## Collected data entries
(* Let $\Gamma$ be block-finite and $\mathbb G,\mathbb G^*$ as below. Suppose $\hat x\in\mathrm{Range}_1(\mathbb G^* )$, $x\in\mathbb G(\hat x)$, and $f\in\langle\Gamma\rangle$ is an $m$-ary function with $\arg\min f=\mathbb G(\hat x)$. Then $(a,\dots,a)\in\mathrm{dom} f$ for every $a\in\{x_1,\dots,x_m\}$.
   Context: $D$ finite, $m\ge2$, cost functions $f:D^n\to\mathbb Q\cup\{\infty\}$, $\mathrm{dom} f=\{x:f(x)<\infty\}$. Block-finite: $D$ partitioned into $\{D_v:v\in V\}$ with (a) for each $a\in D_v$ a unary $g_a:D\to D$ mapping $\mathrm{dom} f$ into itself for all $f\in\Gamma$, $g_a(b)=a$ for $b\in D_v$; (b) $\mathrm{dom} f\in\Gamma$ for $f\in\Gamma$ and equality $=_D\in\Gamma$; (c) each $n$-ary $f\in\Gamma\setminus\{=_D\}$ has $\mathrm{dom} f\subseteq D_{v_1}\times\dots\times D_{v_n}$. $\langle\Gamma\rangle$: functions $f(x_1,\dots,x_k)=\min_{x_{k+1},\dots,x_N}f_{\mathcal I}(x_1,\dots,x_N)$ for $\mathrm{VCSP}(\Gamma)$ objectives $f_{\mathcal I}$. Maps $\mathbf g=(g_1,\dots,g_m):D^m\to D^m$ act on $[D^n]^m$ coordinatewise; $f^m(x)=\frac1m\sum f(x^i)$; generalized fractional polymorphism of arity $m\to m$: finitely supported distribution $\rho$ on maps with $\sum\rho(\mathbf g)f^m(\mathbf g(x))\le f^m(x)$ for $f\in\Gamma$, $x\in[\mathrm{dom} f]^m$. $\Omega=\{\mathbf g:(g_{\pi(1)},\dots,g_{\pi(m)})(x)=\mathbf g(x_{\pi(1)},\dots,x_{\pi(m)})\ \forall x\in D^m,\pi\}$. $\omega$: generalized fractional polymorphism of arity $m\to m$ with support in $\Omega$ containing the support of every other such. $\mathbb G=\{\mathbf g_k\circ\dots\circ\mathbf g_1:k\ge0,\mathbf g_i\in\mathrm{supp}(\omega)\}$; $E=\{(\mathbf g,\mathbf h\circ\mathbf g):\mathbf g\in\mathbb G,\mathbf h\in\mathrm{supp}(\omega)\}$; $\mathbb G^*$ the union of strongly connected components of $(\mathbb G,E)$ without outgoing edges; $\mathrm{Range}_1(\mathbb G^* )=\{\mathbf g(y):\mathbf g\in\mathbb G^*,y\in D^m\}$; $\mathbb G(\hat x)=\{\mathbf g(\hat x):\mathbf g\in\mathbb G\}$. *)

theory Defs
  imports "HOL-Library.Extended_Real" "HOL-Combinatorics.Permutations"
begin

## BRIEF
Give again only the lines starting at the one that contains "theory Defs" and running to the end of the data.

## ANSWER SPACE
theory Defs
  imports "HOL-Library.Extended_Real" "HOL-Combinatorics.Permutations"
begin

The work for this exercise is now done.